For more, click here.

Ex-WellCare CEO Found Guilty in $40 Million Medicaid Scheme

WellCare Health Plans Inc.’s former Chief Executive Officer Todd Farha, 45, and Chief Financial Officer Paul Behrens, 51, were each found guilty of two counts of health-care fraud by a jury in Tampa, Florida, June 10.

Behrens was also found guilty of two counts of making false statements. The convictions were announced in a statement by the U.S. Justice Department.

The executives were charged in March 2011 with devising a scheme to defraud the Florida Medicaid program and making false, fraudulent statements on expenses for behavioral health-care services.

From 2003 through 2007, Tampa-based WellCare failed to pay the state $40 million in refunds, prosecutors said.

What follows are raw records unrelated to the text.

(* Let $k$ be a positive integer, let $G$ be a multigraph, and let $A,B$ be nonempty sets of vertices such that $A$ is contained in one equivalence class of $\sim_k$ and $B$ is contained in a different equivalence class of $\sim_k$. Then there is a set $X$ of at most $k-1$ edges of $G$ such that $G-X$ contains no $A$--$B$-path (i.e., $X$ separates $A$ and $B$).
   Context: For vertices $u,v$ of a multigraph $G$, $u\sim_k v$ means that either $u=v$ or there are $k$ pairwise edge-disjoint $u$--$v$-paths in $G$; this is an equivalence relation on $V(G)$. $G-X$ denotes $G$ with the edges of $X$ deleted. *)

theory Defs
  imports Main
begin

text \<open>Parallel edges are distinct elements of E.\<close>

definition multigraph :: "'v set \<Rightarrow> 'e set \<Rightarrow> ('e \<Rightarrow> 'v \<times> 'v) \<Rightarrow> bool" where
  "multigraph V E ends \<longleftrightarrow> finite V \<and> finite E \<and>
     (\<forall>e\<in>E. fst (ends e) \<in> V \<and> snd (ends e) \<in> V)"

definition joins :: "('e \<Rightarrow> 'v \<times> 'v) \<Rightarrow> 'e \<Rightarrow> 'v \<Rightarrow> 'v \<Rightarrow> bool" where
  "joins ends e x y \<longleftrightarrow> ends e = (x, y) \<or> ends e = (y, x)"

definition is_path :: "'v set \<Rightarrow> 'e set \<Rightarrow> ('e \<Rightarrow> 'v \<times> 'v) \<Rightarrow> 'v list \<Rightarrow> 'e list \<Rightarrow> bool" where
  "is_path V E ends vs es \<longleftrightarrow> vs \<noteq> [] \<and> set vs \<subseteq> V \<and> distinct vs \<and> set es \<subseteq> E \<and>
     length es + 1 = length vs \<and>
     (\<forall>i < length es. joins ends (es ! i) (vs ! i) (vs ! Suc i))"

definition is_uv_path :: "'v set \<Rightarrow> 'e set \<Rightarrow> ('e \<Rightarrow> 'v \<times> 'v) \<Rightarrow> 'v \<Rightarrow> 'v \<Rightarrow> 'v list \<Rightarrow> 'e list \<Rightarrow> bool" where
  "is_uv_path V E ends u v vs es \<longleftrightarrow> is_path V E ends vs es \<and> hd vs = u \<and> last vs = v"

definition k_equiv :: "'v set \<Rightarrow> 'e set \<Rightarrow> ('e \<Rightarrow> 'v \<times> 'v) \<Rightarrow> nat \<Rightarrow> 'v \<Rightarrow> 'v \<Rightarrow> bool" where
  "k_equiv V E ends k u v \<longleftrightarrow> u = v \<or>
     (\<exists>P :: nat \<Rightarrow> 'v list \<times> 'e list.
        (\<forall>i<k. is_uv_path V E ends u v (fst (P i)) (snd (P i))) \<and>
        (\<forall>i<k. \<forall>j<k. i \<noteq> j \<longrightarrow> set (snd (P i)) \<inter> set (snd (P j)) = {}))"

definition has_AB_path :: "'v set \<Rightarrow> 'e set \<Rightarrow> ('e \<Rightarrow> 'v \<times> 'v) \<Rightarrow> 'v set \<Rightarrow> 'v set \<Rightarrow> bool" where
  "has_AB_path V E ends A B \<longleftrightarrow>
     (\<exists>a\<in>A. \<exists>b\<in>B. \<exists>vs es. is_uv_path V E ends a b vs es)"

end

theory Submission
  imports Defs "HOL-Library.Transitive_Closure_Table"
begin

text \<open>Fix \<open>a \<in> A\<close> and \<open>b \<in> B\<close>; they are not \<open>k\<close>-equivalent, so the edge version of Menger's
  theorem gives a set \<open>X\<close> of fewer than \<open>k\<close> edges separating \<open>a\<close> from \<open>b\<close>. For that, augment a
  unit-capacity \<open>a\<close>--\<open>b\<close> flow along residual paths. A flow of value \<open>k\<close> would decompose into \<open>k\<close>
  edge-disjoint paths, so augmentation gets stuck at some value \<open>j < k\<close>; then every edge leaving
  the set of vertices reachable from \<open>a\<close> in the residual graph carries flow out of it, so there
  are at most \<open>j\<close> such edges. Every \<open>a' \<in> A\<close> is joined to \<open>a\<close> by \<open>k\<close> edge-disjoint paths, one of
  which avoids \<open>X\<close>, and likewise every \<open>b' \<in> B\<close> stays connected to \<open>b\<close> in \<open>G - X\<close>; so an
  \<open>A\<close>--\<open>B\<close> path in \<open>G - X\<close> would connect \<open>a\<close> to \<open>b\<close>.\<close>

lemma pigeonhole_disjoint_family:
  assumes "finite X" "card X < k"
    and "\<forall>i<k. \<forall>j<k. i \<noteq> j \<longrightarrow> S i \<inter> S j = {}"
  shows "\<exists>i<k. S i \<inter> X = {}"
proof (rule ccontr)
  assume "\<not> ?thesis"
  then have "\<forall>i\<in>{..<k}. \<exists>x. x \<in> S i \<inter> X" by blast
  then obtain f where f: "\<forall>i\<in>{..<k}. f i \<in> S i \<inter> X" by (metis bchoice)
  have "inj_on f {..<k}"
  proof (rule inj_onI)
    fix i j assume ij: "i \<in> {..<k}" "j \<in> {..<k}" "f i = f j"
    then have "f i \<in> S i \<inter> S j" using f by (metis IntD1 IntI)
    with ij(1,2) assms(3) show "i = j" by blast
  qed
  moreover have "f ` {..<k} \<subseteq> X" using f by blast
  ultimately have "card {..<k} \<le> card X" using assms(1) by (rule card_inj_on_le)
  with assms(2) show False by simp
qed

locale finite_multigraph =
  fixes V :: "'v set" and E :: "'e set" and ends :: "'e \<Rightarrow> 'v \<times> 'v"
  assumes multigraph: "multigraph V E ends"
begin

lemma finite_V: "finite V" and finite_E: "finite E"
  using multigraph by (auto simp: multigraph_def)

definition adjacent :: "'e set \<Rightarrow> 'v \<Rightarrow> 'v \<Rightarrow> bool" where
  "adjacent E' x y \<longleftrightarrow> (\<exists>e\<in>E'. joins ends e x y)"

lemma uv_path_connected:
  assumes "is_uv_path V E' ends u v vs es"
  shows "(adjacent E')\<^sup>*\<^sup>* u v"
proof -
  have p: "vs \<noteq> []" "length es + 1 = length vs" "set es \<subseteq> E'"
    "\<forall>i < length es. joins ends (es ! i) (vs ! i) (vs ! Suc i)"
    using assms unfolding is_uv_path_def is_path_def by blast+
  have "(adjacent E')\<^sup>*\<^sup>* (vs ! 0) (vs ! i)" if "i < length vs" for i
    using that
  proof (induction i)
    case (Suc i)
    then have "i < length es" using p(2) by simp
    then have "adjacent E' (vs ! i) (vs ! Suc i)"
      using p(3,4) nth_mem unfolding adjacent_def by blast
    with Suc show ?case by simp
  qed simp
  then have "(adjacent E')\<^sup>*\<^sup>* (vs ! 0) (vs ! (length vs - 1))"
    using p(1) by simp
  moreover have "vs ! 0 = u" "vs ! (length vs - 1) = v"
    using assms p(1) unfolding is_uv_path_def by (simp_all add: hd_conv_nth last_conv_nth)
  ultimately show ?thesis by simp
qed

definition edge_disjoint_paths :: "'v \<Rightarrow> 'v \<Rightarrow> nat \<Rightarrow> (nat \<Rightarrow> 'v list \<times> 'e list) \<Rightarrow> bool" where
  "edge_disjoint_paths u v k P \<longleftrightarrow>
     (\<forall>i<k. is_uv_path V E ends u v (fst (P i)) (snd (P i))) \<and>
     (\<forall>i<k. \<forall>j<k. i \<noteq> j \<longrightarrow> set (snd (P i)) \<inter> set (snd (P j)) = {})"

lemma k_equiv_iff_edge_disjoint_paths:
  "k_equiv V E ends k u v \<longleftrightarrow> u = v \<or> (\<exists>P. edge_disjoint_paths u v k P)"
  unfolding k_equiv_def edge_disjoint_paths_def ..

lemma edge_disjoint_paths_extend:
  assumes "edge_disjoint_paths u v k P" "is_uv_path V E ends u v vs es"
    and "\<forall>i<k. set (snd (P i)) \<inter> set es = {}"
  shows "edge_disjoint_paths u v (Suc k) (P(k := (vs, es)))"
  using assms unfolding edge_disjoint_paths_def
  by (auto simp: less_Suc_eq)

A whistle-blower at the company told the Federal Bureau of Investigation about the plot. WellCare has paid out at least $427 million in settlements to government agencies and shareholders since 2007.

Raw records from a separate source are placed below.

lemma app_seq_Var_SN:
  assumes "nice_seq ws" and "ws \<in> lists SN_e"
  shows "app_seq (Var n) ws \<in> SN"
  using assms
proof (induction ws rule: rev_induct)
  case Nil
  then show ?case by (simp add: app_seq_def Var_SN)
next
  case (snoc e ws)
  have no_case: "\<forall>e'\<in>set ws. \<not> is_case e'"
    using snoc.prems(1) by (simp add: nice_seq_snoc)
  then have "neutral (app_seq (Var n) ws)"
    by (induction ws rule: rev_induct) (auto simp: app_seq_snoc app_seq_def intro: neutral.intros)
  moreover have "app_seq (Var n) ws \<in> SN"
    using snoc no_case by (simp add: nice_seq_def)
  ultimately show ?case
    using snoc.prems(2) by (simp add: app_seq_snoc neutral_App_SN)
qed

lemma Var_in_seq_arrow: "nice_set X \<Longrightarrow> Var n \<in> seq_arrow X"
  unfolding nice_set_def seq_arrow_def using app_seq_Var_SN by blast

lemma seq_arrow_subset_SN: "X \<noteq> {} \<Longrightarrow> seq_arrow X \<subseteq> SN"
  unfolding seq_arrow_def using app_seq_SND by blast

lemma arrow_seq_arrow:
  "arrow K (seq_arrow X) = seq_arrow {ETrm u # ws | u ws. u \<in> K \<and> ws \<in> X}"
  unfolding arrow_def seq_arrow_def by (auto simp: app_seq_Cons) (metis app_seq_Cons)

“The company acted swiftly in October 2007 upon learning of the wrongdoing and separated the individuals involved,” Jack Maurer, a spokesman for WellCare, said in an e-mailed statement. “Over the past five years we have cooperated fully with state and federal authorities in their investigations, and resolved all of the issues that directly involved the company.”

WellCare sued its former executives and that action was stayed pending the outcome of the criminal trial, Maurer said.

“We have made significant changes to the governance of our company to help ensure that this never happens again,” he said.

The case is U.S. v. Farha, 11-cr-00115, U.S. District Court, Middle District of Florida (Tampa).

Chemical Makers Lose Court Challenge to Train Safety Rules

Chemical makers failed to show any harm from a rule boosting safety requirements for shipping dangerous substances by rail, a U.S. appeals court said, throwing out a lawsuit challenging the 2012 regulation.

The Arlington, Virginia-base Chlorine Institute argued that the Federal Railroad Administration rule would constrain or eliminate chemical makers’ ability to ship products by rail.

Judge Karen LeCraft Henderson, writing for a three-judge panel of the U.S. Court of Appeals in Washington, found any impact described by the chemical makers to be “at most -- speculative.”

The Chlorine Institute also didn’t argue that any carrier actually diminished any individual member’s shipping ability, “only that it could do so,” Henderson wrote.

Frank Reiner, president of the institute, said the group was reviewing the decision and had no immediate comment.

The case is Chlorine Institute Inc. v. Federal Railroad Administration, 12-1298, U.S. Court of Appeals for the District of Columbia (Washington).

Interviews/Hearings

Transaction Tax Would ‘Punish’ Repo Market, ECB Official Says

European financial transaction tax would probably hurt the repo market against the unsecured market under current proposals, Cornelia Holthausen, principal adviser at the European Central Bank, said at a conference in London hosted by International Capital Market Association.

Such an effect would likely contradict liquidity rules in Basel III agreement. It is unclear whether the aims of the latest plans for such a tax would be achieved, and what its side effects would be. The levy would probably create distortions if it’s only enacted in a subset of euro area countries, according to Holthausen’s remarks.

Francesco Papadia, former director-general of market operations at the central bank, said interbank secured and unsecured borrowing could dry up if a tax is enacted.

Papadia made the remarks at the same event.

Interbank borrowing would likely be substituted by borrowing and lending from central bank, where repo would be exempted from levy, he said. He sees damage to the overall functionality of the financial system, with little revenue for the public coffers.